Mein neuer türkischer Nachbar
Die Täter kamen bei Einbruch der Dunkelheit. Sie schmierten Hakenkreuze auf die Haustüre und zerstörten die Postkästen. Dann stiegen sie zwei Stockwerke hinauf, bis sie vor der Wohnung der türkischen Familie standen. Dort steckten sie die Türe in Brand und liefen davon.

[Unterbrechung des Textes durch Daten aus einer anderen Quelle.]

lemma prob_ge_le_exp_mgf:
  fixes f :: "'a \<Rightarrow> real"
  assumes fin: "finite (set_pmf P)" and l: "l > 0"
    and mgf: "measure_pmf.expectation P (\<lambda>x. exp (l * (f x - E))) \<le> B"
  shows "measure_pmf.prob P {x. f x - E \<ge> s} \<le> exp (- l * s) * B"
proof -
  have "measure_pmf.prob P {x. f x - E \<ge> s} =
      measure_pmf.expectation P (indicator {x. f x - E \<ge> s})"
    by simp
  also have "\<dots> \<le> measure_pmf.expectation P (\<lambda>x. exp (- l * s) * exp (l * (f x - E)))"
  proof (intro integral_mono integrable_measure_pmf_finite fin)
    fix x
    show "indicator {x. f x - E \<ge> s} x \<le> exp (- l * s) * exp (l * (f x - E))"
    proof (cases "f x - E \<ge> s")
      case True
      then have "l * s \<le> l * (f x - E)" using l by (intro mult_left_mono) auto
      then have "1 \<le> exp (- l * s + l * (f x - E))" by simp
      then show ?thesis using True by (simp only: mult_exp_exp indicator_simps) simp
    qed simp
  qed
  also have "\<dots> \<le> exp (- l * s) * B"
    using mgf by (simp add: mult_left_mono)
  finally show ?thesis .
qed

lemma mcdiarmid_Pi_pmf:
  fixes D :: "'i \<Rightarrow> 'v pmf" and blk :: "'i \<Rightarrow> 'b" and c :: "'b \<Rightarrow> real"
  assumes J: "finite J" and K: "finite K" "blk ` J \<subseteq> K"
    and fin: "\<And>i. finite (set_pmf (D i))"
    and lip: "\<And>b x y. b \<in> K \<Longrightarrow> (\<And>i. blk i \<noteq> b \<Longrightarrow> x i = y i) \<Longrightarrow> \<bar>f x - f y\<bar> \<le> c b"
    and V: "(\<Sum>b\<in>K. (c b)\<^sup>2) \<le> V" "V > 0" and s: "s > 0"
  shows "measure_pmf.prob (Pi_pmf J d D)
           {x. \<bar>f x - measure_pmf.expectation (Pi_pmf J d D) f\<bar> \<ge> s} \<le> 2 * exp (- s\<^sup>2 / (2 * V))"
proof -
  define P where "P = Pi_pmf J d D"
  let ?E = "measure_pmf.expectation P"
  have finP: "finite (set_pmf P)" unfolding P_def using J fin by (rule finite_set_Pi_pmf)
  define l where "l = s / V"
  have l: "l > 0" using V s by (simp add: l_def)
  have exponent: "- l * s + l\<^sup>2 * V / 2 = - s\<^sup>2 / (2 * V)"
    using V by (simp add: l_def power2_eq_square field_simps)
  have one_sided: "measure_pmf.prob P {x. h x - ?E h \<ge> s} \<le> exp (- s\<^sup>2 / (2 * V))"
    if "\<And>b x y. b \<in> K \<Longrightarrow> (\<And>i. blk i \<noteq> b \<Longrightarrow> x i = y i) \<Longrightarrow> \<bar>h x - h y\<bar> \<le> c b" for h
  proof -
    have "{i\<in>J. blk i \<in> K} = J" using K(2) by auto
    then have "?E (\<lambda>x. exp (l * (h x - ?E h))) \<le> exp (l\<^sup>2 * (\<Sum>b\<in>K. (c b)\<^sup>2) / 2)"
      using mcdiarmid_mgf_Pi_pmf[of J K l D blk h c d, OF J K(1) l fin] that unfolding P_def by simp
    also have "\<dots> \<le> exp (l\<^sup>2 * V / 2)"
      using V by (auto intro!: mult_left_mono divide_right_mono)
    finally have "measure_pmf.prob P {x. h x - ?E h \<ge> s} \<le> exp (- l * s) * exp (l\<^sup>2 * V / 2)"
      by (rule prob_ge_le_exp_mgf[OF finP l])
    also have "\<dots> = exp (- s\<^sup>2 / (2 * V))"
      by (simp only: mult_exp_exp exponent)
    finally show ?thesis .
  qed
  have upper: "measure_pmf.prob P {x. f x - ?E f \<ge> s} \<le> exp (- s\<^sup>2 / (2 * V))"
    using lip by (rule one_sided)
  have lower: "measure_pmf.prob P {x. - f x - ?E (\<lambda>x. - f x) \<ge> s} \<le> exp (- s\<^sup>2 / (2 * V))"
    using lip by (intro one_sided) (simp add: abs_minus_commute)
  have "measure_pmf.prob P {x. \<bar>f x - ?E f\<bar> \<ge> s} \<le>
      measure_pmf.prob P ({x. f x - ?E f \<ge> s} \<union> {x. - f x - ?E (\<lambda>x. - f x) \<ge> s})"
    by (intro measure_pmf.finite_measure_mono) auto
  also have "\<dots> \<le> measure_pmf.prob P {x. f x - ?E f \<ge> s} +
      measure_pmf.prob P {x. - f x - ?E (\<lambda>x. - f x) \<ge> s}"
    by (rule measure_subadditive) auto
  finally show ?thesis using upper lower unfolding P_def by simp
qed

section \<open>Concentration outside a bad event\<close>

definition diff_blocks :: "'i set \<Rightarrow> ('i \<Rightarrow> 'b) \<Rightarrow> ('i \<Rightarrow> 'v) \<Rightarrow> ('i \<Rightarrow> 'v) \<Rightarrow> 'b set" where
  "diff_blocks J blk x y = blk ` {i\<in>J. x i \<noteq> y i}"

lemma diff_blocks_self [simp]: "diff_blocks J blk x x = {}"
  by (simp add: diff_blocks_def)

lemma finite_diff_blocks [simp]: "finite J \<Longrightarrow> finite (diff_blocks J blk x y)"
  by (simp add: diff_blocks_def)

lemma card_diff_blocks_le:
  "finite K \<Longrightarrow> blk ` J \<subseteq> K \<Longrightarrow> card (diff_blocks J blk x y) \<le> card K"
  by (intro card_mono) (auto simp: diff_blocks_def)

lemma eq_if_block_notin_diff_blocks: "i \<in> J \<Longrightarrow> blk i \<notin> diff_blocks J blk x y \<Longrightarrow> x i = y i"
  by (auto simp: diff_blocks_def)

lemma diff_blocks_change_block:
  "(\<And>i. blk i \<noteq> b \<Longrightarrow> x i = x' i) \<Longrightarrow> diff_blocks J blk x y \<subseteq> insert b (diff_blocks J blk x' y)"
  by (auto simp: diff_blocks_def)

text \<open>McShane's extension of \<open>F\<close> from \<open>S\<close>, for the metric counting the blocks in which two
  points differ.\<close>

definition block_lipschitz_ext ::
  "'i set \<Rightarrow> ('i \<Rightarrow> 'b) \<Rightarrow> (('i \<Rightarrow> 'v) \<Rightarrow> real) \<Rightarrow> ('i \<Rightarrow> 'v) set \<Rightarrow> real \<Rightarrow> ('i \<Rightarrow> 'v) \<Rightarrow> real" where
  "block_lipschitz_ext J blk F S c x = Min ((\<lambda>y. F y + c * real (card (diff_blocks J blk x y))) ` S)"

lemma block_lipschitz_ext_eq:
  assumes "finite S" "x \<in> S" "\<And>y. y \<in> S \<Longrightarrow> F x \<le> F y + c * real (card (diff_blocks J blk x y))"
  shows "block_lipschitz_ext J blk F S c x = F x"
  unfolding block_lipschitz_ext_def
proof (rule antisym)
  show "Min ((\<lambda>y. F y + c * real (card (diff_blocks J blk x y))) ` S) \<le> F x"
    using assms by (intro Min_le_iff[THEN iffD2]) (auto intro!: bexI[of _ x])
  show "F x \<le> Min ((\<lambda>y. F y + c * real (card (diff_blocks J blk x y))) ` S)"
    using assms by (subst Min_ge_iff) auto
qed

lemma block_lipschitz_ext_le:
  assumes J: "finite J" and S: "finite S" "S \<noteq> {}" and c: "c \<ge> 0"
    and agree: "\<And>i. blk i \<noteq> b \<Longrightarrow> x i = x' i"
  shows "block_lipschitz_ext J blk F S c x \<le> block_lipschitz_ext J blk F S c x' + c"
proof -
  let ?ext = "block_lipschitz_ext J blk F S c"
  have "?ext x' \<in> (\<lambda>y. F y + c * real (card (diff_blocks J blk x' y))) ` S"
    unfolding block_lipschitz_ext_def using S by (intro Min_in) auto
  then obtain y where y: "y \<in> S" "?ext x' = F y + c * real (card (diff_blocks J blk x' y))"
    by blast
  have "card (diff_blocks J blk x y) \<le> card (insert b (diff_blocks J blk x' y))"
    using J by (intro card_mono diff_blocks_change_block agree) auto
  also have "\<dots> \<le> card (diff_blocks J blk x' y) + 1" using J by (simp add: card_insert_if)
  finally have "c * real (card (diff_blocks J blk x y)) \<le> c * (real (card (diff_blocks J blk x' y)) + 1)"
    using c by (intro mult_left_mono) auto
  moreover have "?ext x \<le> F y + c * real (card (diff_blocks J blk x y))"
    unfolding block_lipschitz_ext_def using S y(1) by (intro Min_le) auto
  ultimately show ?thesis using y(2) by (simp add: algebra_simps)
qed

lemma block_lipschitz_ext_lipschitz:
  assumes "finite J" "finite S" "S \<noteq> {}" "c \<ge> 0" "\<And>i. blk i \<noteq> b \<Longrightarrow> x i = x' i"
  shows "\<bar>block_lipschitz_ext J blk F S c x - block_lipschitz_ext J blk F S c x'\<bar> \<le> c"
  using block_lipschitz_ext_le[of J S c blk b x x' F] block_lipschitz_ext_le[of J S c blk b x' x F] assms
  by (simp add: abs_le_iff)

lemma block_lipschitz_ext_bounds:
  assumes S: "finite S" "S \<noteq> {}" and c: "c \<ge> 0" and K: "finite K" "blk ` J \<subseteq> K"
    and F01: "\<And>y. y \<in> S \<Longrightarrow> 0 \<le> F y \<and> F y \<le> 1"
  shows "0 \<le> block_lipschitz_ext J blk F S c x \<and> block_lipschitz_ext J blk F S c x \<le> 1 + c * real (card K)"
proof
  show "0 \<le> block_lipschitz_ext J blk F S c x"
    unfolding block_lipschitz_ext_def using S F01 c by (subst Min_ge_iff) auto
  obtain y where y: "y \<in> S" using S by auto
  have "block_lipschitz_ext J blk F S c x \<le> F y + c * real (card (diff_blocks J blk x y))"
    unfolding block_lipschitz_ext_def using S y by (intro Min_le) auto
  also have "\<dots> \<le> 1 + c * real (card K)"
    using F01[OF y] card_diff_blocks_le[OF K] c by (intro add_mono mult_left_mono) auto
  finally show "block_lipschitz_ext J blk F S c x \<le> 1 + c * real (card K)" .
qed

lemma abs_expectation_diff_le_prob:
  fixes f g :: "'a \<Rightarrow> real"
  assumes fin: "finite (set_pmf P)"
    and eq: "\<And>x. x \<in> S \<Longrightarrow> x \<in> set_pmf P \<Longrightarrow> f x = g x" and M: "\<And>x. \<bar>f x - g x\<bar> \<le> M"
  shows "\<bar>measure_pmf.expectation P f - measure_pmf.expectation P g\<bar> \<le> M * measure_pmf.prob P (- S)"
proof -
  have "\<bar>measure_pmf.expectation P f - measure_pmf.expectation P g\<bar> =
      \<bar>measure_pmf.expectation P (\<lambda>x. f x - g x)\<bar>"
    using fin by (subst Bochner_Integration.integral_diff) (auto intro: integrable_measure_pmf_finite)
  also have "\<dots> \<le> measure_pmf.expectation P (\<lambda>x. \<bar>f x - g x\<bar>)" by (rule integral_abs_bound)
  also have "\<dots> \<le> measure_pmf.expectation P (\<lambda>x. M * indicator (- S) x)"
    using fin eq M
    by (intro integral_mono_AE AE_pmfI) (auto intro: integrable_measure_pmf_finite split: split_indicator)
  finally show ?thesis by simp
qed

Der Gemeindebau an der Jedleseer Straße 75–95 ist ein typischer Nachkriegsbau. Von 1945 bis 1955 wurden hier in Floridsdorf 1260 Wohnungen aus dem Boden gestampft. Viele Floridsdorfer sind in diesem Hof aufgewachsen und alt geworden, in den vergangenen Jahren zogen dann vermehrt türkische Familien ein. Ein Drittel der knapp 500.000 Wiener Gemeindebau-Bewohner hat einen Migrationshintergrund, das ist auch in Jedlesee nicht anders. Spannungen sind die Folge. Höhepunkt: Die Brandlegung im Winter 2011. "Das war der Zeitpunkt, wo wir gesagt haben, wir müssen etwas unternehmen", sagt Claudia Hagenauer, Teamleiterin der Wohnpartner 21. Mit ihrem Team betreut sie Gemeindebauten in Floridsdorf und rief in Jedlesee das Projekt "Von Nachbar zu Nachbar" ins Leben.
Konfliktpotenzial
"Viele Konflikte sind im Grunde Generationenkonflikte oder Lärmkonflikte", sagt Hagenauer. Dem kann Mieterbeirätin Herta Honer nur zustimmen. Seit 48 Jahren lebt die agile Pensionistin im Gemeindebau in Jedlesee, in ihrem Wohnzimmer werden bei Guglhupf und Kaffee Probleme besprochen. "Ich bin in Strebersdorf in einem Zinshaus aufgewachsen. Wie es dort zugegangen ist – da ist es hier harmlos", sagt Herta Honer. Dennoch gebe es auch Ärger. "Eine Stiege weiter steht ein Fußballkäfig. Natürlich ist der laut. Aber als unsere Kinder jung waren, war es genauso laut." Auch Sperrmüll in Kellern oder die Nutzung der Grünflächen sorgen für Konflikte.
Manche Alteingesessene würden sich durch Migranten abgewertet fühlen, sagt Honer. "Zu meiner Zeit war es schwierig, eine Gemeindebauwohnung zu bekommen. Heutzutage zieht die Jugend lieber in eine Eigentumswohnung." Stattdessen kommen Migranten.